+++ Input for this task
(* Let $\tau>3$. For Lebesgue-almost every $\gamma\in(0,\tfrac12)$ the following holds. Let $\alpha\in D_{\gamma,\tau}$ with partial quotients $a_1,a_2,\dots$ and convergents $p_n/q_n$, and suppose that for infinitely many even $n$, $$\frac{p_n}{q_n}+\frac{\gamma}{q_n^{\tau+1}}>\frac{p_{n+2}}{q_{n+2}}-\frac{\gamma}{q_{n+2}^{\tau+1}}.$$ Then for every $\varepsilon>0$ (arbitrarily small) there exists $C>0$ such that $a_{n+2}\le C\,q_n^{2+\varepsilon}$ for these $n$.
   Context: For $x\in\mathbb{R}$, $\|x\|:=\min_{p\in\mathbb{Z}}|x-p|$; $\mathbb{N}=\{1,2,\dots\}$. For $\gamma>0,\tau\ge1$, $D_{\gamma,\tau}:=\{\alpha\in(0,1): \|q\alpha\|\ge\gamma/q^\tau\ \forall q\in\mathbb{N}\}$; its elements are irrational. For irrational $\alpha\in(0,1)$ write $\alpha=\cfrac{1}{a_1+\cfrac{1}{a_2+\cdots}}$ (partial quotients $a_n\in\mathbb{N}$), and let $p_n/q_n$ ($n\ge0$) be its convergents: $p_{-1}=1,q_{-1}=0,p_0=0,q_0=1$, $p_n=a_np_{n-1}+p_{n-2}$, $q_n=a_nq_{n-1}+q_{n-2}$. *)

theory Defs
  imports "HOL-Analysis.Analysis"
begin

definition dist_int :: "real \<Rightarrow> real" where
  "dist_int x = Inf (range (\<lambda>p::int. \<bar>x - of_int p\<bar>))"

definition Dset :: "real \<Rightarrow> real \<Rightarrow> real set" where
  "Dset \<gamma> \<tau> = {\<alpha>. 0 < \<alpha> \<and> \<alpha> < 1 \<and>
      (\<forall>q::nat. q \<ge> 1 \<longrightarrow> dist_int (real q * \<alpha>) \<ge> \<gamma> / real q powr \<tau>)}"

fun cf_rem :: "real \<Rightarrow> nat \<Rightarrow> real" where
  "cf_rem \<alpha> 0 = \<alpha>"
| "cf_rem \<alpha> (Suc n) = frac (1 / cf_rem \<alpha> n)"

text \<open>Partial quotients a_n (n >= 1): a_{n+1} = floor(1/x_n).  (a_0 is irrelevant.)\<close>
definition cf_a :: "real \<Rightarrow> nat \<Rightarrow> nat" where
  "cf_a \<alpha> n = nat \<lfloor>1 / cf_rem \<alpha> (n - 1)\<rfloor>"

text \<open>Shifted convergent sequences: cf_P alpha k = p_{k-1}, cf_Q alpha k = q_{k-1}.\<close>
fun cf_P :: "real \<Rightarrow> nat \<Rightarrow> int" where
  "cf_P \<alpha> 0 = 1"
| "cf_P \<alpha> (Suc 0) = 0"
| "cf_P \<alpha> (Suc (Suc n)) = int (cf_a \<alpha> (Suc n)) * cf_P \<alpha> (Suc n) + cf_P \<alpha> n"

fun cf_Q :: "real \<Rightarrow> nat \<Rightarrow> int" where
  "cf_Q \<alpha> 0 = 0"
| "cf_Q \<alpha> (Suc 0) = 1"
| "cf_Q \<alpha> (Suc (Suc n)) = int (cf_a \<alpha> (Suc n)) * cf_Q \<alpha> (Suc n) + cf_Q \<alpha> n"

definition cf_p :: "real \<Rightarrow> nat \<Rightarrow> int" where "cf_p \<alpha> n = cf_P \<alpha> (Suc n)"
definition cf_q :: "real \<Rightarrow> nat \<Rightarrow> int" where "cf_q \<alpha> n = cf_Q \<alpha> (Suc n)"

end

theory Submission
  imports Defs
begin

text \<open>
  Fix e > 0 and 0 < delta <= 1/2. If |q^tau - gamma m| < c q^-(1+e) for some gamma in [delta, 1/2],
  then m is comparable to q^tau and gamma lies within c / (m q^(1+e)) of q^tau / m. For fixed q these
  intervals have total length O(c q^-(1+e) / delta), which is summable in q, so the exceptional gammas
  are covered by sets of measure O(c) for every c > 0. Hence almost every gamma satisfies
  |q^tau - gamma m| >= c q^-(1+e) for some c > 0 and all q >= 1 and m.

  Now let n be even and let the intervals of radius gamma / q^(tau+1) around p_n/q_n and
  p_(n+2)/q_(n+2) overlap. As p_(n+2)/q_(n+2) - p_n/q_n = a_(n+2) / (q_n q_(n+2)) and
  q_(n+2) = a_(n+2) q_(n+1) + q_n, the overlap gives a_(n+2) (q_n^tau - gamma q_(n+1)) < 2 gamma q_n.
  The Diophantine condition gamma / q_n^tau <= |q_n alpha - p_n| <= 1 / q_(n+1) makes the bracket
  nonnegative, and for generic gamma it is at least c q_n^-(1+e), so a_(n+2) < (2 gamma / c) q_n^(2+e).
\<close>

section \<open>Powers q^tau avoiding the multiples of a generic gamma\<close>

lemma near_multiple_in_interval:
  fixes x r \<gamma> \<delta> :: real and m :: nat
  assumes x: "x \<ge> 1" and r: "r \<le> 1/2" and \<gamma>: "\<delta> \<le> \<gamma>" "\<gamma> \<le> 1/2"
    and near: "\<bar>x - \<gamma> * real m\<bar> < r"
  shows "x \<le> real m" and "\<delta> * real m \<le> 2 * x"
    and "\<gamma> \<in> {(x - r) / real m <..< (x + r) / real m}"
proof -
  have lo: "x - r < \<gamma> * real m" and hi: "\<gamma> * real m < x + r" using near by auto
  then have "\<gamma> * real m > 0" using x r by linarith
  then have "real m > 0" by (cases "m = 0") auto
  show "x \<le> real m"
    using lo x r \<gamma>(2) \<open>real m > 0\<close> mult_right_mono[OF \<gamma>(2), of "real m"] by linarith
  show "\<delta> * real m \<le> 2 * x"
    using hi x r mult_right_mono[OF \<gamma>(1), of "real m"] by linarith
  show "\<gamma> \<in> {(x - r) / real m <..< (x + r) / real m}"
    using lo hi \<open>real m > 0\<close> by (simp add: field_simps)
qed

lemma emeasure_near_multiples_le:
  fixes x r \<delta> :: real
  assumes x: "x \<ge> 1" and r: "r \<ge> 0" and \<delta>: "\<delta> > 0"
  shows "emeasure lborel (\<Union>m\<in>{m::nat. x \<le> real m \<and> \<delta> * real m \<le> 2 * x}.
           {(x - r) / real m <..< (x + r) / real m}) \<le> ennreal (4 * r / \<delta>)"
proof -
  define M where "M = {m::nat. x \<le> real m \<and> \<delta> * real m \<le> 2 * x}"
  have M_sub: "M \<subseteq> {1..nat \<lfloor>2 * x / \<delta>\<rfloor>}"
  proof
    fix m assume "m \<in> M"
    then have "x \<le> real m" "real m \<le> 2 * x / \<delta>" using \<delta> by (auto simp: M_def field_simps)
    then show "m \<in> {1..nat \<lfloor>2 * x / \<delta>\<rfloor>}" using x by (auto simp: le_nat_iff le_floor_iff)
  qed
  then have "finite M" by (rule finite_subset) simp
  have card_M: "real (card M) \<le> 2 * x / \<delta>"
  proof -
    have "real (card M) \<le> real (nat \<lfloor>2 * x / \<delta>\<rfloor>)" using card_mono[OF _ M_sub] by simp
    also have "\<dots> \<le> 2 * x / \<delta>" using x \<delta> by (simp add: of_nat_nat)
    finally show ?thesis .
  qed
  have "emeasure lborel (\<Union>m\<in>M. {(x - r) / real m <..< (x + r) / real m})
      \<le> (\<Sum>m\<in>M. emeasure lborel {(x - r) / real m <..< (x + r) / real m})"
    by (rule emeasure_subadditive_finite) (auto simp: \<open>finite M\<close>)
  also have "\<dots> = (\<Sum>m\<in>M. ennreal (2 * r / real m))"
  proof (rule sum.cong)
    fix m assume "m \<in> M"
    have "(x - r) / real m \<le> (x + r) / real m" using r by (simp add: divide_right_mono)
    then show "emeasure lborel {(x - r) / real m <..< (x + r) / real m} = ennreal (2 * r / real m)"
      by (simp add: diff_divide_distrib add_divide_distrib)
  qed simp
  also have "\<dots> = ennreal (\<Sum>m\<in>M. 2 * r / real m)" using r by simp
  also have "\<dots> \<le> ennreal (4 * r / \<delta>)"
  proof (rule ennreal_leI)
    have "(\<Sum>m\<in>M. 2 * r / real m) \<le> (\<Sum>m\<in>M. 2 * r / x)"
      using x r by (intro sum_mono divide_left_mono) (auto simp: M_def)
    also have "\<dots> = real (card M) * (2 * r / x)" by simp
    also have "\<dots> \<le> (2 * x / \<delta>) * (2 * r / x)"
      using card_M x r by (intro mult_right_mono) auto
    also have "\<dots> = 4 * r / \<delta>" using x by (simp add: field_simps)
    finally show "(\<Sum>m\<in>M. 2 * r / real m) \<le> 4 * r / \<delta>" .
  qed
  finally show ?thesis by (simp add: M_def)
qed

definition powers_avoid_multiples :: "real \<Rightarrow> real \<Rightarrow> real \<Rightarrow> real \<Rightarrow> bool" where
  "powers_avoid_multiples \<tau> \<gamma> e c \<longleftrightarrow>
     (\<forall>q::nat. q \<ge> 1 \<longrightarrow> (\<forall>m::nat. c / real q powr (1 + e) \<le> \<bar>real q powr \<tau> - \<gamma> * real m\<bar>))"

lemma powers_avoid_multiples_mono:
  assumes "powers_avoid_multiples \<tau> \<gamma> e c" and "e \<le> e'" and "c \<ge> 0"
  shows "powers_avoid_multiples \<tau> \<gamma> e' c"
proof -
  have "c / real q powr (1 + e') \<le> c / real q powr (1 + e)" if "q \<ge> 1" for q :: nat
    using that assms(2,3) by (intro divide_left_mono powr_mono mult_pos_pos) auto
  with assms(1) show ?thesis unfolding powers_avoid_multiples_def by (meson order_trans)
qed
++++++
Problem details: Above are the records; from them, give again exactly the lines from the one containing "q_(n+2) = a_(n+2)" through the one containing "The Diophantine condition", both included.

The answer:
  q_(n+2) = a_(n+2) q_(n+1) + q_n, the overlap gives a_(n+2) (q_n^tau - gamma q_(n+1)) < 2 gamma q_n.
  The Diophantine condition gamma / q_n^tau <= |q_n alpha - p_n| <= 1 / q_(n+1) makes the bracket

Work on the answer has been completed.